Intervention de Jean-Louis Carrère

Commission des affaires étrangères, de la défense et des forces armées — Réunion du 25 janvier 2012 : 1ère réunion
Séminaire sur la transition en afghanistan — Communication

Photo de Jean-Louis CarrèreJean-Louis Carrère, président :

Je me suis rendu récemment, avec le ministre de la Défense, M. Gérard Longuet, en Afghanistan, pour passer le Nouvel an avec les militaires français et témoigner ainsi de la reconnaissance de la Nation à nos soldats. Lors de notre déplacement, nous nous sommes rendus dans les différentes bases en Kapisa, notamment à Tagab.

Je voudrais rendre hommage au travail exemplaire réalisé par les militaires français au service de la France et saluer leur courage et leur dévouement.

Nous avons également pu mesurer, au cours de cette mission, les progrès réalisés en ce qui concerne l'équipement de nos soldats et des matériels dont ils disposent, notamment par rapport au dernier déplacement que nous avions effectué dans ce pays, avec notre collègue Robert del Picchia.

Si nous avons tous été profondément émus par le récent assassinat de quatre de nos militaires et les nombreux blessés causés par un soldat de l'armée afghane, je voudrais toutefois faire part de mon étonnement face aux premières déclarations ayant suivi cet évènement dramatique, évoquant un retrait anticipé de nos militaires.

Je voudrais rappeler, en effet, que notre pays est présent en Afghanistan dans le cadre d'une mission de l'OTAN et que notre pays a accepté lors du Sommet de l'OTAN de Lisbonne en 2010, la stratégie de transition visant un retrait des forces combattantes au plus tard fin 2014 avec une poursuite de notre engagement après cette date. Toute décision devrait donc faire préalablement l'objet d'une discussion avec nos alliés au sein de l'Alliance. Je regrette cependant que la France, de même que l'Europe, ne joue pas un rôle plus important au sein de l'OTAN en ce qui concerne la stratégie en Afghanistan, notamment par rapport aux Etats-Unis.

Par ailleurs, il me semble qu'avant toute annonce précipitée, il est nécessaire de prendre en compte les différents paramètres.
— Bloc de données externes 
(* Let $N$ be a positive integer and let $f:\mathbb{N}\to\mathbb{C}$ be periodic with period $N$. Let $a_n(q)$ be the sequence of polynomials in $q$ defined recursively by \[ a_0(q)=0,\qquad a_n(q) = f(n) + \left(1-q^{n-1}\right)a_{n-1}(q) \quad \text{for } n\in\mathbb{N}. \] Set $\zeta_N:=e^{2\pi i/N}$ and, for integers $k$, \[ c_k := \frac{1}{N}\sum_{1\le j\le N} f(j)\,\zeta_N^{(1-j)k}. \] Then for $q\in\mathbb{C}$ with $|q|<1$ the limit below exists and \[ \lim_{n\rightarrow\infty}\left( \sum_{1\le\ell\le n} f(\ell) - a_n(q)\right) = c_0S_0(q) - (q;q)_\infty \sum_{1\le k\le N-1} \frac{c_k}{(\zeta_N^k;q)_\infty} + \sum_{1\le k\le N-1} \frac{c_k}{1-\zeta_N^k}. \]
   Context: For $n\in\mathbb{N}_0\cup\{\infty\}$, $(a;q)_n := \prod_{j=0}^{n-1}(1-aq^j)$. $S_0(q):=\sum_{n\ge1}\sigma_0(n)q^n$, where $\sigma_0(n)=\sum_{d\mid n}1$ is the number of positive divisors of $n$. *)

theory Defs
  imports "HOL-Analysis.Analysis"
begin

fun a_seq :: "(nat \<Rightarrow> complex) \<Rightarrow> complex \<Rightarrow> nat \<Rightarrow> complex" where
  "a_seq f q 0 = 0"
| "a_seq f q (Suc n) = f (Suc n) + (1 - q ^ n) * a_seq f q n"

definition qpoch_inf :: "complex \<Rightarrow> complex \<Rightarrow> complex" where
  "qpoch_inf a q = (\<Prod>j. (1 - a * q ^ j))"

definition sigma0 :: "nat \<Rightarrow> nat" where
  "sigma0 n = card {d. d dvd n}"

definition S0 :: "complex \<Rightarrow> complex" where
  "S0 q = (\<Sum>n. of_nat (sigma0 (Suc n)) * q ^ (Suc n))"
(* Let $\mathbf{u}=(u_n)$ be an a-sequence. Then $\{x\in\mathbb{T}: \mathrm{supp}_\mathbf{u}(x)\text{ is finite}\}=t(s_\mathbf{u}(\mathbb{T}))$, the torsion subgroup of $s_\mathbf{u}(\mathbb{T})$.
   Context: An a-sequence is a strictly increasing sequence of integers $\mathbf{u}=(u_n)_{n\in\mathbb{N}}$ with $u_n\mid u_{n+1}$ for all $n$; ratios $q_0=u_0$, $q_n=u_n/u_{n-1}$. $\mathbb{T}=\mathbb{R}/\mathbb{Z}$, and each $x\in\mathbb{T}$ is identified with its representative in $[0,1)$. $s_\mathbf{u}(\mathbb{T})=\{x\in\mathbb{T}: u_nx\to0\text{ in }\mathbb{T}\}$. Canonical representation: for $x\in[0,1)$ there is a unique integer sequence $(c_n)_{n\ge1}$ with $0\le c_n<q_n$ for all $n$, $c_n<q_n-1$ for infinitely many $n$, and $x=\sum_{n\ge1}c_n/u_n$. Then $\mathrm{supp}_\mathbf{u}(x)=\{n: c_n\ne0\}$. *)

theory Defs
  imports "HOL-Analysis.Analysis"
begin

definition a_sequence :: "(nat \<Rightarrow> int) \<Rightarrow> bool" where
  "a_sequence u \<longleftrightarrow> strict_mono u \<and> (\<forall>n. u n dvd u (Suc n))"

definition ratio :: "(nat \<Rightarrow> int) \<Rightarrow> nat \<Rightarrow> int" where
  "ratio u n = (if n = 0 then u 0 else u n div u (n - 1))"

text \<open>Distance to the nearest integer: the norm of the class of x in T = R/Z.\<close>
definition tnorm :: "real \<Rightarrow> real" where
  "tnorm x = \<bar>x - of_int (round x)\<bar>"

text \<open>s_u(T), with elements of T identified with representatives in [0,1).\<close>
definition s_u :: "(nat \<Rightarrow> int) \<Rightarrow> real set" where
  "s_u u = {x. 0 \<le> x \<and> x < 1 \<and> (\<lambda>n. tnorm (of_int (u n) * x)) \<longlonglongrightarrow> 0}"

definition torsion_part :: "real set \<Rightarrow> real set" where
  "torsion_part S = {x \<in> S. \<exists>m::nat. m > 0 \<and> of_nat m * x \<in> \<int>}"

text \<open>Canonical representation (digits c n for n \<ge> 1; c 0 normalised to 0).\<close>
definition canonical_rep :: "(nat \<Rightarrow> int) \<Rightarrow> real \<Rightarrow> (nat \<Rightarrow> int) \<Rightarrow> bool" where
  "canonical_rep u x c \<longleftrightarrow> c 0 = 0 \<and>
     (\<forall>n\<ge>1. 0 \<le> c n \<and> c n < ratio u n) \<and>
     infinite {n. n \<ge> 1 \<and> c n < ratio u n - 1} \<and>
     (\<lambda>n. of_int (c (Suc n)) / of_int (u (Suc n))) sums x"

definition supp_u :: "(nat \<Rightarrow> int) \<Rightarrow> real \<Rightarrow> nat set" where
  "supp_u u x = {n. n \<ge> 1 \<and> (THE c. canonical_rep u x c) n \<noteq> 0}"

end

theory Submission
  imports Defs
begin

text \<open>The canonical digits of \<open>x \<in> [0,1)\<close> are the greedy ones,
  \<open>c n = \<lfloor>u n x\<rfloor> - q n \<lfloor>u (n - 1) x\<rfloor>\<close>: their partial sums are \<open>\<lfloor>u n x\<rfloor> / u n\<close>, and
  the strict inequality \<open>x < (\<lfloor>u n x\<rfloor> + 1) / u n\<close> is what forces infinitely many non-maximal
  digits. Hence the support is finite iff \<open>\<lfloor>u n x\<rfloor> / u n\<close> is eventually constant, i.e. iff
  \<open>u N x \<in> \<int>\<close> for some \<open>N\<close>. The same condition characterises the torsion of \<open>s_u u\<close>:
  it clearly suffices, and conversely if \<open>m x \<in> \<int>\<close> then \<open>m\<close> times the distance from \<open>u N x\<close> to
  \<open>\<int>\<close> is the distance between two integers, so it vanishes once that distance is below \<open>1/m\<close>.\<close>

lemma tnorm_Ints: "y \<in> \<int> \<Longrightarrow> tnorm y = 0"
  by (auto simp: tnorm_def elim: Ints_cases)

lemma Ints_if_tnorm_less:
  assumes "m > 0" "of_nat m * y \<in> \<int>" "tnorm y < 1 / real m"
  shows "y \<in> \<int>"
proof -
  obtain a where a: "of_nat m * y = of_int a" using assms(2) Ints_cases by metis
  define R where "R = round y"
  have md: "real m * (y - of_int R) = of_int (a - int m * R)"
    using a by (simp add: algebra_simps)
  have "real m * \<bar>y - of_int R\<bar> < 1"
    using assms(1,3) unfolding tnorm_def R_def[symmetric] by (simp add: field_simps)
  then have "\<bar>real m * (y - of_int R)\<bar> < 1" by (simp add: abs_mult)
  then have "\<bar>a - int m * R\<bar> < 1" unfolding md by linarith
  then have "real m * (y - of_int R) = 0" unfolding md by simp
  then show ?thesis using assms(1) by simp
qed

locale normalized_a_sequence =
  fixes u :: "nat \<Rightarrow> int"
  assumes a_sequence: "a_sequence u" and u_0: "u 0 = 1"
begin

lemma u_less_Suc: "u n < u (Suc n)"
  using a_sequence unfolding a_sequence_def strict_mono_def by simp

lemma u_ge: "u n \<ge> int n + 1"
proof (induction n)
  case (Suc n)
  then show ?case using u_less_Suc[of n] by simp
qed (simp add: u_0)

lemma u_pos: "u n > 0"
  using u_ge[of n] by simp

lemma u_Suc: "u (Suc n) = ratio u (Suc n) * u n"
  using a_sequence unfolding a_sequence_def ratio_def by simp

lemma ratio_ge_2: "ratio u (Suc n) \<ge> 2"
proof -
  have "1 * u n < ratio u (Suc n) * u n" using u_Suc u_less_Suc by simp
  then show ?thesis using u_pos[of n] mult_less_cancel_right by fastforce
qed

lemma u_dvd: "N \<le> n \<Longrightarrow> u N dvd u n"
  by (induction n rule: dec_induct) (auto simp: u_Suc)
(* If m is a left-invariant mean, a bounded invariant n-cocycle f with values in the dual V* of
   a normed module has the bounded invariant primitive
     h(g_1, ..., g_n)(v) = m(x |-> f(x, g_1, ..., g_n)(v)):
   the cocycle identity at (x, g_0, ..., g_n) writes f(g_0, ..., g_n) as the alternating sum of
   the f(x, g_0, ..., omit g_i, ..., g_n), and averaging it over x gives exactly the coboundary
   of h. Bounded cohomology is invariant under isometric G-isomorphisms, so this covers every
   dual module.
   Conversely, take V = l^oo(G) modulo constants. The increments c(g_0, g_1)[f] = f(g_1) - f(g_0)
   form a bounded invariant 1-cocycle with values in V*. A bounded invariant primitive h, i.e.
   h(g_1) - h(g_0) = c(g_0, g_1), yields the left-invariant mean m(f) = f(1) - h(1)[f]:
   invariance of h turns h(1)[g f] into h(g^-1)[f], and the increment identity absorbs the
   difference. *)

locale nonarch_absolute_value =
  fixes absK :: "'k::field \<Rightarrow> real"
  assumes nonarch: "nonarch_abs absK"
begin

lemma absK_nonneg: "absK x \<ge> 0"
  using nonarch by (simp add: nonarch_abs_def)

lemma absK_eq_0_iff: "absK x = 0 \<longleftrightarrow> x = 0"
  using nonarch by (simp add: nonarch_abs_def)

lemma absK_add_le: "absK (x + y) \<le> max (absK x) (absK y)"
  using nonarch by (simp add: nonarch_abs_def)

lemma absK_mult: "absK (x * y) = absK x * absK y"
  using nonarch by (simp add: nonarch_abs_def)

lemma absK_0 [simp]: "absK 0 = 0"
  by (simp add: absK_eq_0_iff)

lemma absK_pos: "x \<noteq> 0 \<Longrightarrow> absK x > 0"
  using absK_nonneg absK_eq_0_iff by (simp add: order_less_le)

lemma absK_1 [simp]: "absK 1 = 1"
  using absK_mult[of 1 1] absK_pos[of 1] by simp

lemma absK_minus: "absK (- x) = absK x"
proof -
  have "absK (-1) * absK (-1) = 1"
    using absK_mult[of "-1" "-1"] by simp
  then have "absK (-1) = 1"
    using absK_nonneg[of "-1"] by (metis abs_of_nonneg abs_square_eq_1 power2_eq_square)
  then show ?thesis
    using absK_mult[of "-1" x] by simp
qed

lemma absK_diff_le: "absK (x - y) \<le> max (absK x) (absK y)"
  using absK_add_le[of x "- y"] by (simp add: absK_minus)

lemma homogeneous_if_subhomogeneous:
  fixes N :: "'a \<Rightarrow> real" and scale :: "'k \<Rightarrow> 'a \<Rightarrow> 'a"
  assumes closed: "\<And>a x. x \<in> S \<Longrightarrow> scale a x \<in> S"
    and sub: "\<And>a x. x \<in> S \<Longrightarrow> N (scale a x) \<le> absK a * N x"
    and cancel: "\<And>a x. a \<noteq> 0 \<Longrightarrow> x \<in> S \<Longrightarrow> scale (inverse a) (scale a x) = x"
    and nonneg: "\<And>x. x \<in> S \<Longrightarrow> N x \<ge> 0"
    and x: "x \<in> S"
  shows "N (scale a x) = absK a * N x"
proof (cases "a = 0")
  case True
  then show ?thesis
    using sub[OF x, of a] nonneg[OF closed[OF x, of a]] by simp
next
  case False
  have "N x \<le> absK (inverse a) * N (scale a x)"
    using sub[OF closed[OF x, of a], of "inverse a"] cancel[OF False x] by simp
  then have "absK a * N x \<le> absK a * absK (inverse a) * N (scale a x)"
    using absK_nonneg[of a] by (simp add: mult.assoc mult_left_mono)
  also have "absK a * absK (inverse a) = 1"
    using False by (simp flip: absK_mult)
  finally show ?thesis
    using sub[OF x, of a] by simp
qed

end

lemma normed_kvs_kvs: "normed_kvs absK E \<Longrightarrow> kvs E"
  by (simp add: normed_kvs_def)

lemma
  assumes "kvs E"
  shows kvs_zero_closed: "vzero E \<in> vcarrier E"
    and kvs_add_closed: "x \<in> vcarrier E \<Longrightarrow> y \<in> vcarrier E \<Longrightarrow> vplus E x y \<in> vcarrier E"
    and kvs_scale_closed: "x \<in> vcarrier E \<Longrightarrow> vscale E a x \<in> vcarrier E"
  using assms by (simp_all add: kvs_def)

lemma kvs_zero_add_zero: "kvs E \<Longrightarrow> vplus E (vzero E) (vzero E) = vzero E"
  by (simp add: kvs_def)

lemma normed_kvs_norm_nonneg: "normed_kvs absK E \<Longrightarrow> x \<in> vcarrier E \<Longrightarrow> vnorm E x \<ge> 0"
  by (simp add: normed_kvs_def)

lemma kvs_idem_eq_zero:
  assumes E: "kvs E" and x: "x \<in> vcarrier E" and idem: "vplus E x x = x"
  shows "x = vzero E"
proof -
  have assoc: "\<forall>x\<in>vcarrier E. \<forall>y\<in>vcarrier E. \<forall>z\<in>vcarrier E.
      vplus E (vplus E x y) z = vplus E x (vplus E y z)"
    and comm: "\<forall>x\<in>vcarrier E. \<forall>y\<in>vcarrier E. vplus E x y = vplus E y x"
    and zero: "\<forall>x\<in>vcarrier E. vplus E (vzero E) x = x"
    and neg: "\<forall>x\<in>vcarrier E. \<exists>y\<in>vcarrier E. vplus E x y = vzero E"
    using E unfolding kvs_def by blast+
  obtain y where y: "y \<in> vcarrier E" "vplus E x y = vzero E"
    using neg x by blast
  have "vzero E = vplus E (vplus E x x) y"
    using idem y by simp
  also have "\<dots> = vplus E x (vzero E)"
    using assoc x y by (simp only:)
  also have "\<dots> = x"
    using comm zero x kvs_zero_closed[OF E] by metis
  finally show ?thesis by simp
qed

lemma vsum_list_closed: "kvs E \<Longrightarrow> set ws \<subseteq> vcarrier E \<Longrightarrow> vsum_list E ws \<in> vcarrier E"
  by (induction ws) (simp_all add: vsum_list_def kvs_zero_closed kvs_add_closed)

lemma dual_space_simps [simp]:
  "vcarrier (dual_space absK V) = bounded_functionals absK V"
  "vzero (dual_space absK V) = (\<lambda>x. 0)"
  "vplus (dual_space absK V) = (\<lambda>l m x. l x + m x)"
  "vscale (dual_space absK V) = (\<lambda>a l x. a * l x)"
  "vnorm (dual_space absK V) = op_norm absK V"
  by (simp_all add: dual_space_def)

lemma vsum_list_dual_space: "vsum_list (dual_space absK V) ls = (\<lambda>x. \<Sum>l\<leftarrow>ls. l x)"
  by (induction ls) (simp_all add: vsum_list_def)

lemma bounded_functionalI:
  assumes "\<And>x y. x \<in> vcarrier V \<Longrightarrow> y \<in> vcarrier V \<Longrightarrow> l (vplus V x y) = l x + l y"
    and "\<And>a x. x \<in> vcarrier V \<Longrightarrow> l (vscale V a x) = a * l x"
    and "C \<ge> 0" and "\<And>x. x \<in> vcarrier V \<Longrightarrow> absK (l x) \<le> C * vnorm V x"
    and "\<And>x. x \<notin> vcarrier V \<Longrightarrow> l x = 0"
  shows "l \<in> bounded_functionals absK V"
  using assms unfolding bounded_functionals_def by blast

lemma
  assumes "l \<in> bounded_functionals absK V"
  shows bounded_functional_add_apply:
      "x \<in> vcarrier V \<Longrightarrow> y \<in> vcarrier V \<Longrightarrow> l (vplus V x y) = l x + l y"
    and bounded_functional_scale_apply: "x \<in> vcarrier V \<Longrightarrow> l (vscale V a x) = a * l x"
    and bounded_functional_outside: "x \<notin> vcarrier V \<Longrightarrow> l x = 0"
    and bounded_functional_bounded: "\<exists>C\<ge>0. \<forall>x\<in>vcarrier V. absK (l x) \<le> C * vnorm V x"
  using assms by (simp_all add: bounded_functionals_def)

lemma bounded_functional_vzero:
  assumes "kvs V" "l \<in> bounded_functionals absK V"
  shows "l (vzero V) = 0"
proof -
  have "l (vzero V) = l (vzero V) + l (vzero V)"
    using kvs_zero_add_zero[OF assms(1)]
      bounded_functional_add_apply[OF assms(2)] kvs_zero_closed[OF assms(1)] by metis
  then show ?thesis by (metis add_cancel_left_right)
qed

context nonarch_absolute_value
begin

lemma bounded_functional_zero: "(\<lambda>x. 0) \<in> bounded_functionals absK V"
  by (rule bounded_functionalI[of _ _ 0]) simp_all

lemma bounded_functional_add:
  assumes l: "l \<in> bounded_functionals absK V" and m: "m \<in> bounded_functionals absK V"
  shows "(\<lambda>x. l x + m x) \<in> bounded_functionals absK V"
proof -
  obtain C where C: "C \<ge> 0" "\<forall>x\<in>vcarrier V. absK (l x) \<le> C * vnorm V x"
    using bounded_functional_bounded[OF l] by blast
  obtain D where D: "D \<ge> 0" "\<forall>x\<in>vcarrier V. absK (m x) \<le> D * vnorm V x"
    using bounded_functional_bounded[OF m] by blast
  show ?thesis
  proof (rule bounded_functionalI[of _ _ "C + D"])
    fix x assume x: "x \<in> vcarrier V"
    have "absK (l x + m x) \<le> max (absK (l x)) (absK (m x))"
      by (rule absK_add_le)
    also have "\<dots> \<le> absK (l x) + absK (m x)"
      using absK_nonneg by simp
    also have "\<dots> \<le> C * vnorm V x + D * vnorm V x"
      using C D x by (simp add: add_mono)
    finally show "absK (l x + m x) \<le> (C + D) * vnorm V x"
      by (simp add: distrib_right)
  qed (use C D in \<open>simp_all add: bounded_functional_add_apply[OF l] bounded_functional_add_apply[OF m]
      bounded_functional_scale_apply[OF l] bounded_functional_scale_apply[OF m]
      bounded_functional_outside[OF l] bounded_functional_outside[OF m] algebra_simps\<close>)
qed

lemma bounded_functional_scale:
  assumes l: "l \<in> bounded_functionals absK V"
  shows "(\<lambda>x. a * l x) \<in> bounded_functionals absK V"
proof -
  obtain C where C: "C \<ge> 0" "\<forall>x\<in>vcarrier V. absK (l x) \<le> C * vnorm V x"
    using bounded_functional_bounded[OF l] by blast
  show ?thesis
  proof (rule bounded_functionalI[of _ _ "absK a * C"])
    fix x assume "x \<in> vcarrier V"
    then show "absK (a * l x) \<le> absK a * C * vnorm V x"
      using C absK_nonneg[of a]
      by (auto simp: absK_mult mult.assoc intro: mult_left_mono)
  qed (use C absK_nonneg[of a] in \<open>simp_all add: bounded_functional_add_apply[OF l]
      bounded_functional_scale_apply[OF l] bounded_functional_outside[OF l] algebra_simps\<close>)
qed

lemma op_norm_le:
  assumes "C \<ge> 0" "\<forall>x\<in>vcarrier V. absK (l x) \<le> C * vnorm V x"
  shows "op_norm absK V l \<le> C"
  unfolding op_norm_def by (rule cInf_lower) (use assms in \<open>auto intro: bdd_belowI[of _ 0]\<close>)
L'Afghanistan reste un pays très pauvre. Or, on constate un déséquilibre important entre le coût des interventions militaires et les financements consacrés à la reconstruction et au développement du pays. Ainsi, le budget dont dispose notre ambassade pour mener des actions de coopération et de développement est très faible, de l'ordre de 15 millions d'euros par an, et, malgré toutes les qualités de nos diplomates, il ne permet pas réellement d'accompagner notre présence militaire par des actions de coopération qui pourraient susciter l'adhésion de la population. Le Président afghan Hamid Karzai nous a indiqué, lors de notre entretien avec le ministre de la défense, que sa priorité était de bâtir une armée afghane capable de mener une guerre conventionnelle. Je lui ai répondu que, selon moi, la priorité devrait être d'engager son pays dans une stratégie de développement économique, ce qui devrait prendre des dizaines d'années. Se pose aussi la question du financement des forces de sécurité afghanes après 2014. Les Etats-Unis semblent disposés à assurer un financement de 3 milliards de dollars mais il resterait un milliard de dollars, dont la charge pourrait revenir aux pays de l'OTAN.

D'autres questions essentielles, comme la lutte contre la production de drogue, le rôle des pays de la région, comme le Pakistan, doivent aussi être prises en compte.

En définitive, je crois qu'il faut se garder de toute précipitation mais qu'il faut engager une véritable réflexion avec nos alliés, les Afghans et les pays de la région, afin de réussir le processus de transition, qui permettrait un retrait de nos soldats en substituant à la présence militaire de l'OTAN une action de développement de ce pays.